YOUR GOAL:
Of all the lines below, return only those starting with the line holding "u \<subseteq> dom" and going on through the line holding "E) S3 (renS", exactly as written.

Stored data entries
◇ ◇ ◇

lemma pool_run_renaming:
  "(pool_step D ^^ n) S R \<Longrightarrow> wf_defs D \<Longrightarrow> bij \<pi> \<Longrightarrow> (pool_step D ^^ n) (renS \<pi> S) (renS \<pi> R)"
proof (induction n arbitrary: S)
  case (Suc n)
  then obtain S1 where "pool_step D S S1" "(pool_step D ^^ n) S1 R"
    using relpowp_Suc_D2 by metis
  with Suc show ?case by (metis relpowp_Suc_I2 pool_step_renaming)
qed simp

lemma ren_equiv_final_run:
  assumes "ren_equiv A S S'" "(pool_step D ^^ n) S R" "pool_final D R" "wf_defs D"
  shows "\<exists>R'. (pool_step D ^^ n) S' R' \<and> pool_final D R' \<and> ren_equiv A R R'"
proof -
  obtain \<pi> where \<pi>: "renaming_fixing A \<pi>" "S' = renS \<pi> S"
    using assms(1) by (auto simp: ren_equiv_def)
  then have "bij \<pi>" by (simp add: renaming_fixing_def)
  then have "(pool_step D ^^ n) S' (renS \<pi> R)" "pool_final D (renS \<pi> R)"
    using \<pi>(2) pool_run_renaming[OF assms(2,4)] pool_final_renaming[OF assms(3,4)] by simp_all
  moreover have "ren_equiv A R (renS \<pi> R)"
    using \<pi>(1) unfolding ren_equiv_def by blast
  ultimately show ?thesis by blast
qed

lemma pool_step_dom_mono: "pool_step D S S' \<Longrightarrow> dom (snd S) \<subseteq> dom (snd S')"
  by (induction rule: pool_step.induct) (simp add: micro_dom_mono)

lemma pool_step_wf_state:
  assumes "pool_step D S S'" "wf_defs D" "wf_state S"
  shows "wf_state S'"
  using assms(1)
proof cases
  case (1 T P E Q T' E')
  from assms(3) 1 have fin: "finite (dom E)" and sig: "sigP P \<subseteq> dom E"
    by (simp_all add: wf_state_def)
  have sigT: "sigT T \<subseteq> dom E"
    using sig sigT_subset_sigP[OF 1(3)] by blast
  have "finite (dom E')"
    using elementary_update_finite_dom[OF micro_elementary_update[OF 1(4) sigT] fin] .
  moreover have "sigT T' \<union> sigP Q \<subseteq> dom E'"
    using micro_sig_closed[OF 1(4) assms(2) sigT] .
  moreover have "sigP (P - {#T#}) \<subseteq> dom E'"
    using sigP_diff_subset[of P "{#T#}"] sig micro_dom_mono[OF 1(4)] by blast
  ultimately show ?thesis
    using 1(2) by (simp add: wf_state_def)
qed

lemma pool_step_diamond:
  assumes "t \<in># P" "u \<in># P - {#t#}"
    and t: "micro D t E Pt t' Et" and u: "micro D u E Pu u' Eu"
    and "wf_state (P, E)" "wf_defs D"
  shows "\<exists>X Y. pool_step D (P - {#t#} + {#t'#} + Pt, Et) X \<and>
               pool_step D (P - {#u#} + {#u'#} + Pu, Eu) Y \<and> ren_equiv (dom E) X Y"
proof -
  from assms(5) have fin: "finite (dom E)" and sig: "sigP P \<subseteq> dom E"
    by (simp_all add: wf_state_def)
  have sig_t: "sigT t \<subseteq> dom E" and sig_u: "sigT u \<subseteq> dom E"
    using assms(1,2) sig sigT_subset_sigP by (blast dest: in_diffD)+
  have "finite (dom Et)"
    using elementary_update_finite_dom[OF micro_elementary_update[OF t sig_t] fin] .
  \<comment> \<open>The two steps might allocate the same fresh signal; rename the one of u away from it.\<close>
  then obtain \<pi> where \<pi>: "renaming_fixing (dom E) \<pi>"
    and u_ren: "micro D u E (image_mset (renT \<pi>) Pu) (renT \<pi> u') (renE \<pi> Eu)"
    and fresh: "\<And>x. E x = None \<Longrightarrow> renE \<pi> Eu x \<noteq> None \<Longrightarrow> x \<notin> dom Et"
    using micro_rename_fresh[OF u assms(6) sig_u fin] by blast
  have "Et x = None \<or> renE \<pi> Eu x = None" if "E x = None" for x
    using fresh[OF that] by blast
  then obtain S3 where S3: "pool_step D (P - {#t#} + {#t'#} + Pt, Et) S3"
      "pool_step D (P - {#u#} + {#renT \<pi> u'#} + image_mset (renT \<pi>) Pu, renE \<pi> Eu) S3"
    using micro_commute[OF assms(1,2) t u_ren sig_t sig_u] by blast
  have "image_mset (renT \<pi>) (P - {#u#}) = P - {#u#}"
    using sig sigP_diff_subset[of P "{#u#}"] by (blast intro: renaming_fixing_image_mset[OF \<pi>])
  then have "(P - {#u#} + {#renT \<pi> u'#} + image_mset (renT \<pi>) Pu, renE \<pi> Eu) =
      renS \<pi> (P - {#u#} + {#u'#} + Pu, Eu)"
    by (simp add: renS_def)
  moreover have "bij \<pi>" using \<pi> by (simp add: renaming_fixing_def)
  ultimately have "pool_step D (P - {#u#} + {#u'#} + Pu, Eu) (renS (inv \<pi>) S3)"
    using pool_step_renaming[OF S3(2) assms(6) bij_imp_bij_inv[OF \<open>bij \<pi>\<close>]] by simp
  moreover have "ren_equiv (dom E) S3 (renS (inv \<pi>) S3)"
    using renaming_fixing_inv[OF \<pi>] unfolding ren_equiv_def by blast
  ultimately show ?thesis using S3(1) by blast
qed

lemma pool_step_local_confluence:
  assumes step1: "pool_step D S S1" and step2: "pool_step D S S2"
    and "wf_state S" "wf_defs D"
  shows "ren_equiv (dom (snd S)) S1 S2 \<or>
         (\<exists>X Y. pool_step D S1 X \<and> pool_step D S2 Y \<and> ren_equiv (dom (snd S)) X Y)"
proof -
  obtain P E t Pt t' Et where S: "S = (P, E)" and t: "t \<in># P" "micro D t E Pt t' Et"
    and S1: "S1 = (P - {#t#} + {#t'#} + Pt, Et)"
    using step1 by (cases rule: pool_step.cases) blast
  obtain u Pu u' Eu where u: "u \<in># P" "micro D u E Pu u' Eu"
    and S2: "S2 = (P - {#u#} + {#u'#} + Pu, Eu)"
    using step2 S by (cases rule: pool_step.cases) auto
  show ?thesis
  proof (cases "t = u")
    case True
    have sig: "sigP P \<subseteq> dom E" using assms(3) S by (simp add: wf_state_def)
    then have "sigT t \<subseteq> dom E" using t(1) sigT_subset_sigP by blast
    then obtain \<pi> where \<pi>: "renaming_fixing (dom E) \<pi>" "u' = renT \<pi> t'"
      "Pu = image_mset (renT \<pi>) Pt" "Eu = renE \<pi> Et"
      using micro_unique_upto_renaming[OF t(2)] u(2) True by blast
    have "image_mset (renT \<pi>) (P - {#t#}) = P - {#t#}"
      using sig sigP_diff_subset[of P "{#t#}"] by (blast intro: renaming_fixing_image_mset[OF \<pi>(1)])
    then have "S2 = renS \<pi> S1"
      using S1 S2 \<pi> True by (simp add: renS_def)
    then show ?thesis using \<pi>(1) S unfolding ren_equiv_def by auto
  next
    case False
    then have "u \<in># P - {#t#}" using u(1) by (simp add: in_diff_count)
    then show ?thesis
      using pool_step_diamond[OF t(1) _ t(2) u(2)] assms(3,4) S S1 S2 by auto
  qed
qed

lemma final_run_from_successor:
  assumes "(pool_step D ^^ n) S R" "pool_final D R" "pool_step D S S1" "wf_state S" "wf_defs D"
  shows "\<exists>m R'. n = Suc m \<and> (pool_step D ^^ m) S1 R' \<and> pool_final D R' \<and>
                ren_equiv (dom (snd S)) R R'"
  using assms
proof (induction n arbitrary: S S1)
  case 0
  then show ?case using pool_final_no_step by simp
next
  case (Suc n)
  then obtain S2 where S2: "pool_step D S S2" "(pool_step D ^^ n) S2 R"
    using relpowp_Suc_D2 by metis
  from pool_step_local_confluence[OF S2(1) Suc.prems(3-5)] show ?case
  proof
    assume "ren_equiv (dom (snd S)) S2 S1"
    then show ?thesis using ren_equiv_final_run S2(2) Suc.prems(2,5) by blast
  next
    assume "\<exists>X Y. pool_step D S2 X \<and> pool_step D S1 Y \<and> ren_equiv (dom (snd S)) X Y"
    then obtain X Y where XY: "pool_step D S2 X" "pool_step D S1 Y" "ren_equiv (dom (snd S)) X Y"
      by blast
    have dom_S2: "dom (snd S) \<subseteq> dom (snd S2)" using pool_step_dom_mono[OF S2(1)] .
    obtain m RX where RX: "n = Suc m" "(pool_step D ^^ m) X RX" "pool_final D RX"
        "ren_equiv (dom (snd S2)) R RX"
      using Suc.IH[OF S2(2) Suc.prems(2) XY(1) pool_step_wf_state[OF S2(1) Suc.prems(5,4)]
          Suc.prems(5)] by blast
    obtain RY where RY: "(pool_step D ^^ m) Y RY" "pool_final D RY" "ren_equiv (dom (snd S)) RX RY"
      using ren_equiv_final_run[OF XY(3) RX(2,3) Suc.prems(5)] by blast
    have "ren_equiv (dom (snd S)) R RY"
      using ren_equiv_trans[OF ren_equiv_subset[OF RX(4) dom_S2] RY(3)] .
    then show ?thesis using RX(1) RY(1,2) relpowp_Suc_I2[OF XY(2) RY(1)] by blast
  qed
qed

lemma final_runs_ren_equiv:
  assumes "(pool_step D)\<^sup>*\<^sup>* S R2" "(pool_step D ^^ n) S R1" "pool_final D R1" "pool_final D R2"
    "wf_state S" "wf_defs D"
  shows "ren_equiv (dom (snd S)) R1 R2"
  using assms
proof (induction arbitrary: n R1 rule: converse_rtranclp_induct)
  case base
  have "n = 0"
  proof (cases n)
    case (Suc m)
    then show ?thesis
      using base.prems(1,3) relpowp_Suc_D2 pool_final_no_step by metis
  qed
  then show ?case using base.prems(1) ren_equiv_refl by simp
next
  case (step S S2)
  obtain m R1' where R1': "(pool_step D ^^ m) S2 R1'" "pool_final D R1'"
      "ren_equiv (dom (snd S)) R1 R1'"
    using final_run_from_successor[OF step.prems(1,2) step.hyps(1) step.prems(4,5)] by blast
  have "ren_equiv (dom (snd S2)) R1' R2"
    using step.IH[OF R1'(1,2) step.prems(3) pool_step_wf_state[OF step.hyps(1) step.prems(5,4)]
        step.prems(5)] .
  then have "ren_equiv (dom (snd S)) R1' R2"
    using ren_equiv_subset pool_step_dom_mono[OF step.hyps(1)] by blast
  then show ?case using ren_equiv_trans[OF R1'(3)] by blast
qed

section \<open>Atomic steps and instants\<close>

inductive micro_steps :: "tdefs \<Rightarrow> thread \<Rightarrow> env \<Rightarrow> thread multiset \<Rightarrow> thread \<Rightarrow> env \<Rightarrow> bool"
  for D :: tdefs where
  micro_steps_refl: "micro_steps D T E {#} T E"
| micro_steps_step: "micro D T E P1 T1 E1 \<Longrightarrow> micro_steps D T1 E1 P2 T2 E2
    \<Longrightarrow> micro_steps D T E (P1 + P2) T2 E2"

◇ ◇ ◇

FINISHED TASK:
  have sig_t: "sigT t \<subseteq> dom E" and sig_u: "sigT u \<subseteq> dom E"
    using assms(1,2) sig sigT_subset_sigP by (blast dest: in_diffD)+
  have "finite (dom Et)"
    using elementary_update_finite_dom[OF micro_elementary_update[OF t sig_t] fin] .
  \<comment> \<open>The two steps might allocate the same fresh signal; rename the one of u away from it.\<close>
  then obtain \<pi> where \<pi>: "renaming_fixing (dom E) \<pi>"
    and u_ren: "micro D u E (image_mset (renT \<pi>) Pu) (renT \<pi> u') (renE \<pi> Eu)"
    and fresh: "\<And>x. E x = None \<Longrightarrow> renE \<pi> Eu x \<noteq> None \<Longrightarrow> x \<notin> dom Et"
    using micro_rename_fresh[OF u assms(6) sig_u fin] by blast
  have "Et x = None \<or> renE \<pi> Eu x = None" if "E x = None" for x
    using fresh[OF that] by blast
  then obtain S3 where S3: "pool_step D (P - {#t#} + {#t'#} + Pt, Et) S3"
      "pool_step D (P - {#u#} + {#renT \<pi> u'#} + image_mset (renT \<pi>) Pu, renE \<pi> Eu) S3"
    using micro_commute[OF assms(1,2) t u_ren sig_t sig_u] by blast
  have "image_mset (renT \<pi>) (P - {#u#}) = P - {#u#}"
    using sig sigP_diff_subset[of P "{#u#}"] by (blast intro: renaming_fixing_image_mset[OF \<pi>])
  then have "(P - {#u#} + {#renT \<pi> u'#} + image_mset (renT \<pi>) Pu, renE \<pi> Eu) =
      renS \<pi> (P - {#u#} + {#u'#} + Pu, Eu)"
    by (simp add: renS_def)
  moreover have "bij \<pi>" using \<pi> by (simp add: renaming_fixing_def)
  ultimately have "pool_step D (P - {#u#} + {#u'#} + Pu, Eu) (renS (inv \<pi>) S3)"
    using pool_step_renaming[OF S3(2) assms(6) bij_imp_bij_inv[OF \<open>bij \<pi>\<close>]] by simp
  moreover have "ren_equiv (dom E) S3 (renS (inv \<pi>) S3)"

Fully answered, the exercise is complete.